**SUPPLIED RECORDS:**

(* Fix $k\in[n]$ and arbitrary negotiating positions $\mu_i'\in\mathbb{R}^n$ for all $i\neq k$. For $\mu_k'\in\mathbb{R}^n$, let $M'$ be the matrix with columns $\mu_1',\dots,\mu_n'$ and $(W',P')$ the stable point for $M'$. Then the map $\mu_k'\mapsto g_k(W',P')$ is a quadratic function of $\mu_k'$ whose Hessian is negative definite.
   Context: Fix agents $[n]=\{1,\dots,n\}$. Let $\Sigma\in\mathbb{R}^{n\times n}$ be symmetric positive definite, $\Gamma=\mathrm{diag}(\gamma_1,\dots,\gamma_n)$ with all $\gamma_i>0$, and let $M\in\mathbb{R}^{n\times n}$ be the matrix of true beliefs with $i$-th column $\mu_i=Me_i$. For a matrix of reported negotiating positions $M'\in\mathbb{R}^{n\times n}$, the stable point for $M'$ is the unique pair $(W,P)$ of real $n\times n$ matrices with $W=W^T$, $P^T=-P$ and $M'-P=2\Sigma W\Gamma$; equivalently $\mathrm{vec}(W)=\tfrac12(\Gamma\otimes\Sigma+\Sigma\otimes\Gamma)^{-1}\mathrm{vec}(M'+M'^T)$ and $P=M'-2\Sigma W\Gamma$. Here $\mathrm{vec}$ stacks columns and $e_i$ is the $i$-th standard basis vector. Agent $i$'s (true) utility at $(W,P)$ is $g_i(W,P)=w_i^T(\mu_i-Pe_i)-\gamma_i\, w_i^T\Sigma w_i$, where $w_i=We_i$. *)

theory Defs
  imports "HOL-Analysis.Analysis"
begin

text \<open>Matrices are n x n real matrices indexed by a finite type 'n
  (row index first: A $ i $ j). Column j of A is column j A.\<close>

definition sym_pos_def_mat :: "real^'n^'n \<Rightarrow> bool" where
  "sym_pos_def_mat S \<longleftrightarrow> transpose S = S \<and> (\<forall>x. x \<noteq> 0 \<longrightarrow> x \<bullet> (S *v x) > 0)"

definition diag_mat :: "real^'n \<Rightarrow> real^'n^'n" where
  "diag_mat g = (\<chi> i j. if i = j then g $ i else 0)"

definition stable_point ::
  "real^'n^'n \<Rightarrow> real^'n^'n \<Rightarrow> real^'n^'n \<Rightarrow> (real^'n^'n) \<times> (real^'n^'n)" where
  "stable_point Sg Gm M' =
     (THE (W, P). transpose W = W \<and> transpose P = - P \<and>
                 M' - P = 2 *\<^sub>R (Sg ** W ** Gm))"

text \<open>Agent i's true utility g_i(W,P) = w_i^T (mu_i - P e_i) - gamma_i w_i^T Sg w_i.\<close>
definition utility ::
  "real^'n^'n \<Rightarrow> real^'n \<Rightarrow> real^'n^'n \<Rightarrow> 'n \<Rightarrow> (real^'n^'n) \<times> (real^'n^'n) \<Rightarrow> real" where
  "utility Sg g M i WP =
     (let w = column i (fst WP) in
        w \<bullet> (column i M - column i (snd WP)) - g $ i * (w \<bullet> (Sg *v w)))"

definition set_column :: "real^'n^'n \<Rightarrow> 'n \<Rightarrow> real^'n \<Rightarrow> real^'n^'n" where
  "set_column M0 k x = (\<chi> i j. if j = k then x $ i else M0 $ i $ j)"

text \<open>f is a quadratic function f(x) = 1/2 x^T H x + b^T x + c with H symmetric;
  then H is exactly the Hessian of f.\<close>
definition quadratic_with_hessian :: "(real^'n \<Rightarrow> real) \<Rightarrow> real^'n^'n \<Rightarrow> bool" where
  "quadratic_with_hessian f H \<longleftrightarrow> transpose H = H \<and>
     (\<exists>b c. \<forall>x. f x = (1/2) * (x \<bullet> (H *v x)) + b \<bullet> x + c)"

definition neg_def_mat :: "real^'n^'n \<Rightarrow> bool" where
  "neg_def_mat H \<longleftrightarrow> (\<forall>x. x \<noteq> 0 \<longrightarrow> x \<bullet> (H *v x) < 0)"

end

theory Submission imports Defs begin

text \<open>The stable weights solve \<open>L W = (M' + M'\<^sup>T)/2\<close> for the Lyapunov operator
  \<open>L W = \<Sigma> W \<Gamma> + \<Gamma> W \<Sigma>\<close>, whose matrix on \<open>vec W\<close> is \<open>\<Gamma>\<otimes>\<Sigma> + \<Sigma>\<otimes>\<Gamma>\<close>.
  The pairing \<open>\<langle>D, L D\<rangle>\<close> is a positively weighted sum of the \<open>\<Sigma>\<close>-norms of the columns and
  rows of \<open>D\<close>, so \<open>L\<close> is invertible and the stable point depends linearly on \<open>M'\<close>.
  Hence agent \<open>k\<close>'s weight vector is \<open>w = c + T x\<close> with \<open>T\<close> linear in \<open>x = \<mu>'\<^sub>k\<close>, and
  \<open>g\<^sub>k = w\<cdot>\<mu>\<^sub>k - w\<cdot>x + \<gamma>\<^sub>k w\<^sup>T\<Sigma>w\<close> is quadratic in \<open>x\<close> with quadratic part
  \<open>\<gamma>\<^sub>k (Tx)\<^sup>T\<Sigma>(Tx) - (Tx)\<cdot>x\<close>. For \<open>D = W(x e\<^sub>k\<^sup>T)\<close>, which is symmetric, both
  \<open>(Tx)\<cdot>x\<close> and \<open>2 \<Sum>\<^sub>j \<gamma>\<^sub>j d\<^sub>j\<^sup>T\<Sigma>d\<^sub>j\<close> equal \<open>\<langle>D, L D\<rangle>\<close>; the latter is positive for
  \<open>x \<noteq> 0\<close> and exceeds \<open>\<gamma>\<^sub>k (Tx)\<^sup>T\<Sigma>(Tx)\<close>, so the quadratic part is negative definite.\<close>

lemma transpose_add: "transpose (A + B) = transpose A + transpose (B :: 'a::semiring_1^'n^'m)"
  by (simp add: transpose_def vec_eq_iff)

lemma transpose_diff: "transpose (A - B) = transpose A - transpose (B :: 'a::ring_1^'n^'m)"
  by (simp add: transpose_def vec_eq_iff)

lemma matrix_add_rdistrib: "(A + B) ** C = A ** C + B ** (C :: 'a::semiring_1^'p^'n)"
  by (simp add: matrix_matrix_mult_def vec_eq_iff sum.distrib distrib_right)

lemma inner_transpose_transpose: "transpose A \<bullet> transpose B = A \<bullet> (B :: real^'n^'m)"
  unfolding inner_vec_def transpose_def by (subst sum.swap) simp

lemma inner_transpose_matrix_vector: "x \<bullet> (transpose A *v y) = (A *v x) \<bullet> (y :: real^'n)"
  by (metis dot_lmul_matrix inner_commute transpose_matrix_vector)

lemma transpose_diag_mat: "transpose (diag_mat g) = diag_mat g"
  by (simp add: transpose_def diag_mat_def vec_eq_iff)

lemma matrix_mul_diag_mat_right: "(A ** diag_mat g) $ i $ j = A $ i $ j * g $ j"
  by (simp add: matrix_matrix_mult_def diag_mat_def if_distrib if_distribR cong: if_cong)

lemma column_matrix_mul_diag_mat: "column j (A ** diag_mat g) = g $ j *\<^sub>R column j A"
  by (simp add: column_def vec_eq_iff matrix_mul_diag_mat_right)

lemma linear_column: "linear (column j :: real^'n^'m \<Rightarrow> real^'m)"
  by (rule linearI) (simp_all add: column_def vec_eq_iff)

lemma column_matrix_mul: "column j (A ** B) = A *v column j B"
  by (simp add: column_def vec_eq_iff matrix_matrix_mult_def matrix_vector_mult_def)

lemma inner_matrix_mul_diag_mat:
  "D \<bullet> (S ** D ** diag_mat g) = (\<Sum>j\<in>UNIV. g $ j * (column j D \<bullet> (S *v column j D)))"
proof -
  have "D \<bullet> (S ** D ** diag_mat g) = (\<Sum>j\<in>UNIV. column j D \<bullet> column j (S ** D ** diag_mat g))"
    unfolding inner_vec_def column_def by (subst sum.swap) simp
  also have "\<dots> = (\<Sum>j\<in>UNIV. g $ j * (column j D \<bullet> (S *v column j D)))"
    by (simp only: column_matrix_mul_diag_mat) (simp add: column_matrix_mul)
  finally show ?thesis .
qed

lemma transpose_symmetric_matrix_mul:
  fixes S D G :: "real^'n^'n"
  assumes "transpose S = S" "transpose G = G"
  shows "transpose (S ** D ** G) = G ** transpose D ** S"
  by (simp only: assms matrix_transpose_mul matrix_mul_assoc)

lemma inner_symmetrized_matrix_vector:
  "x \<bullet> ((A + transpose A) *v x) = 2 * (x \<bullet> (A *v (x :: real^'n)))"
  by (simp add: matrix_vector_mult_add_rdistrib inner_add_right inner_transpose_matrix_vector
      inner_commute del: transpose_matrix_vector)

lemma quadratic_with_hessian_symmetrized:
  assumes "\<And>x. f x = x \<bullet> (A *v x) + b \<bullet> x + c"
  shows "quadratic_with_hessian f (A + transpose A)"
  unfolding quadratic_with_hessian_def
  by (auto simp: transpose_add add.commute assms inner_symmetrized_matrix_vector)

**WORK ORDER:**
The lines above starting at the one that contains "text \<open>Agent i's" and ending at the one that contains "then H is exactly the Hessian of f.\<close>" must be transcribed exactly, and no other lines may appear.

**RESPONSE TO THIS EXERCISE:**
text \<open>Agent i's true utility g_i(W,P) = w_i^T (mu_i - P e_i) - gamma_i w_i^T Sg w_i.\<close>
definition utility ::
  "real^'n^'n \<Rightarrow> real^'n \<Rightarrow> real^'n^'n \<Rightarrow> 'n \<Rightarrow> (real^'n^'n) \<times> (real^'n^'n) \<Rightarrow> real" where
  "utility Sg g M i WP =
     (let w = column i (fst WP) in
        w \<bullet> (column i M - column i (snd WP)) - g $ i * (w \<bullet> (Sg *v w)))"

definition set_column :: "real^'n^'n \<Rightarrow> 'n \<Rightarrow> real^'n \<Rightarrow> real^'n^'n" where
  "set_column M0 k x = (\<chi> i j. if j = k then x $ i else M0 $ i $ j)"

text \<open>f is a quadratic function f(x) = 1/2 x^T H x + b^T x + c with H symmetric;
  then H is exactly the Hessian of f.\<close>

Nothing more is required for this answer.